Exercise directions -
A single number is the whole answer: the count of lines in these entries that hold "list".

Supplied data -
(* Let $\phi$ be a uniformly convex norm on $\mathbf{R}^n$ of class $\mathcal{C}^2$ on $\mathbf{R}^n\setminus\{0\}$, $K\subseteq\mathbf{R}^n$ closed, $\rho>0$, $U=\{x:\delta^\phi_K(x)<\rho\}$, and suppose $U\cap\Sigma^\phi(K)=\varnothing$. Then $\underline{r}^\phi_K(a,\eta)\ge\rho$ for every $(a,\eta)\in N^\phi(K)$. In particular, if $K$ is convex then $\underline{r}^\phi_K(a,\eta)=+\infty$ for every $(a,\eta)\in N^\phi(K)$.
   Context: A norm $\phi$ is uniformly convex if there is $\gamma>0$ with $x\mapsto\phi(x)-\gamma|x|$ convex. For closed $K$: $\delta^\phi_K(x)=\inf\{\phi(y-x):y\in K\}$; $\Sigma^\phi(K)$ is the set of $x\in\mathbf{R}^n\setminus K$ at which $\delta^\phi_K$ is not differentiable; $N^\phi(K)=\{(a,\eta):a\in K,\ \phi(\eta)=1,\ \delta^\phi_K(a+s\eta)=s\text{ for some }s>0\}$; $r^\phi_K(a,\eta)=\sup\{s>0:\delta^\phi_K(a+s\eta)=s\}$; for $\sigma\ge1$, $K_\sigma=\{a+\rho'\eta:(a,\eta)\in N^\phi(K),\ 0<\sigma\rho'\le r^\phi_K(a,\eta)\}$; $\Theta^n(\mu,x)=\lim_{r\downarrow0}\mu(\mathbf{B}(x,r))/(\alpha(n)r^n)$; $\underline{r}^\phi_K(a,\eta)=\sup\bigl(\{\sigma r:0<r<r^\phi_K(a,\eta),\ \sigma>1,\ \Theta^n(\mathscr{L}^n\llcorner K_\sigma,a+r\eta)=1\}\cup\{0\}\bigr)$. *)

theory Defs
  imports "HOL-Analysis.Analysis"
begin

definition is_norm :: "('a::euclidean_space \<Rightarrow> real) \<Rightarrow> bool" where
  "is_norm \<phi> \<longleftrightarrow> (\<forall>x. 0 \<le> \<phi> x) \<and> (\<forall>x. \<phi> x = 0 \<longleftrightarrow> x = 0)
     \<and> (\<forall>t x. \<phi> (t *\<^sub>R x) = \<bar>t\<bar> * \<phi> x) \<and> (\<forall>x y. \<phi> (x + y) \<le> \<phi> x + \<phi> y)"

definition uniformly_convex_norm :: "('a::euclidean_space \<Rightarrow> real) \<Rightarrow> bool" where
  "uniformly_convex_norm \<phi> \<longleftrightarrow> is_norm \<phi> \<and>
     (\<exists>\<gamma>>0. convex_on UNIV (\<lambda>x. \<phi> x - \<gamma> * norm x))"
lemma resistant_words_0:
  "resistant_words 0 d = (if d = 0 then {[True]} else if d = 1 then {[True, True]} else {})"
  by (auto simp: resistant_words_def elim: resistant_word_cases)

lemma resistant_word_fewer_empty_lots:
  "resistant_word c \<Longrightarrow> length (filter Not c) < length (filter id c)"
proof (induction c rule: length_induct)
  case (1 c)
  have IH: "length (filter Not r) < length (filter id r)"
    if "resistant_word r" "length r < length c" for r
    using 1(1) that by blast
  from 1(2) show ?case
  proof (cases rule: resistant_word_cases)
    case (3 r)
    then show ?thesis using IH[of r] by (simp add: id_def)
  next
    case (4 r)
    then show ?thesis using IH[of r] by (simp add: id_def)
  qed simp_all
qed

lemma resistant_words_Suc_0:
  "resistant_words (Suc z) 0 = (\<lambda>r. True # False # r) ` resistant_words z 0"
proof
  show "resistant_words (Suc z) 0 \<subseteq> (\<lambda>r. True # False # r) ` resistant_words z 0"
  proof
    fix c assume "c \<in> resistant_words (Suc z) 0"
    then have "resistant_word c" "length (filter Not c) = Suc z"
      "length (filter id c) = Suc (Suc z)"
      by (auto simp: resistant_words_def)
    then show "c \<in> (\<lambda>r. True # False # r) ` resistant_words z 0"
      by (cases rule: resistant_word_cases)
        (auto simp: resistant_words_def dest: resistant_word_fewer_empty_lots)
  qed
qed (auto simp: resistant_words_def)

lemma resistant_words_Suc_Suc:
  "resistant_words (Suc z) (Suc d) =
     (\<lambda>r. True # False # r) ` resistant_words z (Suc d) \<union>
     (\<lambda>r. True # True # False # r) ` resistant_words z d"
  by (auto simp: resistant_words_def elim: resistant_word_cases)
theorem competitive_real_line:
  assumes "competitive ({0} \<union> {a..a * r}) 0"
  shows "competitive (UNIV :: real set) 0"
proof -
  obtain A \<rho> c where bound:
    "\<forall>\<sigma>. set \<sigma> \<subseteq> {0} \<union> {a..a * r} \<longrightarrow> alg_cost A 0 \<sigma> \<le> \<rho> * opt_cost 0 \<sigma> + c"
    using assms unfolding competitive_def by blast
  define \<rho>' where "\<rho>' = max \<rho> 0 + c / a"
  have "0 \<le> \<rho>'"
    using bound[rule_format, of "[]"] a_pos by (simp add: \<rho>'_def)
  have "alg_cost (class_algorithm A) 0 \<sigma> \<le> \<rho>' * class_split_factor * opt_cost 0 \<sigma>" for \<sigma>
  proof -
    have "alg_cost (class_algorithm A) 0 \<sigma> =
        (\<Sum>\<kappa>\<in>scale_class ` set \<sigma>. class_weight \<kappa> * alg_cost A 0 (class_requests \<kappa> \<sigma>))"
      by (rule alg_cost_class_algorithm) auto
    also have "\<dots> \<le> \<rho>' * (\<Sum>\<kappa>\<in>scale_class ` set \<sigma>. class_weight \<kappa> * opt_cost 0 (class_requests \<kappa> \<sigma>))"
      unfolding sum_distrib_left \<rho>'_def by (intro sum_mono weighted_class_alg_cost_le bound)
    also have "\<dots> \<le> \<rho>' * (class_split_factor * opt_cost 0 \<sigma>)"
      using sum_class_opt_cost_le \<open>0 \<le> \<rho>'\<close> by (rule mult_left_mono)
    finally show ?thesis
      by (simp add: mult.assoc)
  qed
  then show ?thesis
    unfolding competitive_def by (metis add.right_neutral)
qed

end

theorem corollary2:
  fixes a b :: real
  assumes "0 < a" and "a < b"
  shows "competitive (UNIV :: real set) 0 \<longleftrightarrow> competitive ({0} \<union> {a..b}) 0"
proof
  assume "competitive (UNIV :: real set) 0"
  then show "competitive ({0} \<union> {a..b}) 0"
    by (rule competitive_subset) simp
next
  interpret scale_classes a "b / a"
    using assms by unfold_locales auto
  assume "competitive ({0} \<union> {a..b}) 0"
  moreover have "a * (b / a) = b"
    using assms by simp
  ultimately show "competitive (UNIV :: real set) 0"
    using competitive_real_line by metis
qed

end
(* Let $\mathbf A$ and $\mathbf B$ be t-algebras of type $\tau$ with traces $\mathsf a$ and $\mathsf b$. The following are equivalent: (1) $\mathbf B\in\mathrm V_E(\mathbf A)$ and the natural homomorphism $t^{\mathbf A}\mapsto t^{\mathbf B}$ from $\mathbf A^\uparrow$ onto $\mathbf B^\uparrow$ is uniformly continuous; (2) for every $s\in\mathsf b$, the t-subalgebra $\mathbf B_{\bar s}$ of $\mathbf B$ generated by $s$ is a t-homomorphic image of a t-subalgebra of a finite t-power of $\mathbf A$.
   Context: $\mathbb N=\{1,2,\dots\}$. A thread on $A$ is $s\in A^{\mathbb N}$; $r[a_1,\dots,a_n]$ is the thread with entries $a_i$ for $i\le n$ and $r_i$ for $i>n$; $r\equiv_{\mathbb N}s$ iff $\{i:r_i\neq s_i\}$ is finite, $[s]_{\mathbb N}$ its class. A trace on $A$ is a nonempty union of $\equiv_{\mathbb N}$-classes. A t-algebra of type $\tau$ and trace $\mathsf a$ is $(A,\mathsf a,\sigma^{\mathbf A})_{\sigma\in\tau}$ with $\sigma^{\mathbf A}:\mathsf a\to A$ arbitrary. t-subalgebra: $(C,\mathsf c,\sigma^{\mathbf A}|_{\mathsf c})$ with $C\subseteq A$, $\mathsf c\subseteq\mathsf a$ a trace on $C$, $\sigma^{\mathbf A}(\mathsf c)\subseteq C$. t-homomorphism: $h:A\to B$ with $h^{\mathbb N}(\mathsf a)\subseteq\mathsf b$ ($h^{\mathbb N}$ coordinatewise) and $h\circ\sigma^{\mathbf A}=\sigma^{\mathbf B}\circ h^{\mathbb N}$ on $\mathsf a$; onto (t-homomorphic image) if $h$ and $h^{\mathbb N}:\mathsf a\to\mathsf b$ are surjective. Finite t-power $\mathbf A^n$: universe $A^n$, trace $\mathsf a^n$ (a tuple $(r^1,\dots,r^n)$ of threads identified with the thread of entries $(r^1_i,\dots,r^n_i)$), operations componentwise. $\tau$-terms: least set containing $\mathsf e_1,\mathsf e_2,\dots$ and $\sigma(t_1,\dots,t_n,\mathsf e_{n+1},\dots)$; term operations $\mathsf e_i^{\mathbf A}(s)=s_i$, $\sigma(t_1,\dots,t_n,\mathsf e_{n+1},\dots)^{\mathbf A}(s)=\sigma^{\mathbf A}(s[t_1^{\mathbf A}(s),\dots,t_n^{\mathbf A}(s)])$; $\theta_{\mathbf A}=\{(t,u):t^{\mathbf A}=u^{\mathbf A}\}$; $\mathrm V_E(\mathbf A)=\{\mathbf B:\theta_{\mathbf A}\subseteq\theta_{\mathbf B}\}$ (the Et-variety generated by $\mathbf A$). $\mathbf B_{\bar s}$ ($s\in\mathsf b$): universe $\{t^{\mathbf B}(s)\}$, trace $[s]_{\mathbb N}\cap(B_{\bar s})^{\mathbb N}$. The term clone algebra $\mathbf A^\uparrow$ is the set $\{t^{\mathbf A}\}$ of term operations with $\mathsf e_i=\mathsf e_i^{\mathbf A}$, $\sigma=\sigma^{\mathbf A}$ and $q_n(\varphi,\psi_1,\dots,\psi_n)(s)=\varphi(s[\psi_1(s),\dots,\psi_n(s)])$. The natural homomorphism $t^{\mathbf A}\mapsto t^{\mathbf B}$ is uniformly continuous if for every $s\in\mathsf b$ there exist $n$ and $r^1,\dots,r^n\in\mathsf a$ such that for all $\tau$-terms $t,u$: $t^{\mathbf A}(r^j)=u^{\mathbf A}(r^j)$ for all $j\le n$ implies $t^{\mathbf B}(s)=u^{\mathbf B}(s)$. *)

theory Defs
  imports Main
begin

text \<open>Threads are functions nat => 'a; paper index i (from 1) is index i-1 here.\<close>

definition threads :: "'a set \<Rightarrow> (nat \<Rightarrow> 'a) set" where
  "threads A = {s. \<forall>i. s i \<in> A}"

definition eqN :: "(nat \<Rightarrow> 'a) \<Rightarrow> (nat \<Rightarrow> 'a) \<Rightarrow> bool" where
  "eqN r s \<longleftrightarrow> finite {i. r i \<noteq> s i}"

definition is_trace :: "'a set \<Rightarrow> (nat \<Rightarrow> 'a) set \<Rightarrow> bool" where
  "is_trace A a \<longleftrightarrow> a \<noteq> {} \<and> a \<subseteq> threads A \<and>
     (\<forall>r\<in>a. \<forall>s\<in>threads A. eqN r s \<longrightarrow> s \<in> a)"

definition talg :: "'a set \<Rightarrow> (nat \<Rightarrow> 'a) set \<Rightarrow> ('f \<Rightarrow> (nat \<Rightarrow> 'a) \<Rightarrow> 'a) \<Rightarrow> bool" where
  "talg A a F \<longleftrightarrow> is_trace A a \<and> (\<forall>\<sigma>. \<forall>s\<in>a. F \<sigma> s \<in> A)"

definition upd :: "(nat \<Rightarrow> 'a) \<Rightarrow> 'a list \<Rightarrow> nat \<Rightarrow> 'a" where
  "upd s xs = (\<lambda>i. if i < length xs then xs ! i else s i)"

text \<open>Terms: Var i is e_(i+1); App f [t1..tn] is f(t1,...,tn,e_(n+1),...).\<close>
datatype 'f trm = Var nat | App 'f "'f trm list"

fun eval :: "('f \<Rightarrow> (nat \<Rightarrow> 'a) \<Rightarrow> 'a) \<Rightarrow> 'f trm \<Rightarrow> (nat \<Rightarrow> 'a) \<Rightarrow> 'a" where
  "eval F (Var i) s = s i"
| "eval F (App f ts) s = F f (upd s (map (\<lambda>t. eval F t s) ts))"

definition term_eq :: "(nat \<Rightarrow> 'a) set \<Rightarrow> ('f \<Rightarrow> (nat \<Rightarrow> 'a) \<Rightarrow> 'a) \<Rightarrow> 'f trm \<Rightarrow> 'f trm \<Rightarrow> bool" where
  "term_eq a F t u \<longleftrightarrow> (\<forall>s\<in>a. eval F t s = eval F u s)"

definition in_VE :: "(nat \<Rightarrow> 'a) set \<Rightarrow> ('f \<Rightarrow> (nat \<Rightarrow> 'a) \<Rightarrow> 'a) \<Rightarrow>
    (nat \<Rightarrow> 'b) set \<Rightarrow> ('f \<Rightarrow> (nat \<Rightarrow> 'b) \<Rightarrow> 'b) \<Rightarrow> bool" where
  "in_VE a F b G \<longleftrightarrow> (\<forall>t u. term_eq a F t u \<longrightarrow> term_eq b G t u)"
(* Write m = n - i, so 2 <= m < n, and take H_j = W_j^\<bottom>, where W_1 is spanned by the
   coordinate vectors e_0, ..., e_(m-1) and, for 2 <= j <= k, W_j is spanned by the vectors
   e_0 + e_a with a running through a block of m consecutive indices; as k m >= n these blocks
   cover the indices m, ..., n-1.

   Call x |-> z a step if z - x lies in some W_j and |z| = |x|. Every x is joined to |x| e_0 by
   steps: a step in W_1 empties coordinate 0, after which the reflection in e_0 + e_t (a vector of
   some W_j) empties coordinate t; once the coordinates m, ..., n-1 are cleared we are in W_1.
   Hence steps connect any two points of equal norm. The hypotheses of (ii)-(iv) each make the set
   in question closed under steps -- for (iii) because a step inside the W_j, of dimension at least
   2, is performed by a rotation fixing H_j, the product of two reflections -- so the set is a
   union of spheres about the origin, and a convex body of this kind is a ball. For (i), joining -x to x shows that the W_j span R^n, and e_0 is
   orthogonal to no W_j, so the family has no orthogonal splitting. *)

theory Submission
  imports Defs
begin

section \<open>Linear algebra\<close>

lemma dim_orthogonal_comp:
  fixes U :: "'a::euclidean_space set"
  assumes "subspace U"
  shows "dim (U\<^sup>\<bottom>) = DIM('a) - dim U"
proof -
  have "dim {y \<in> UNIV. \<forall>x\<in>U. orthogonal x y} + dim U = dim (UNIV :: 'a set)"
    by (rule dim_subspace_orthogonal_to_vectors) (auto simp: assms)
  moreover have "{y \<in> UNIV. \<forall>x\<in>U. orthogonal x y} = U\<^sup>\<bottom>"
    by (auto simp: orthogonal_comp_def)
  ultimately show ?thesis by simp
qed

Exercise output -
2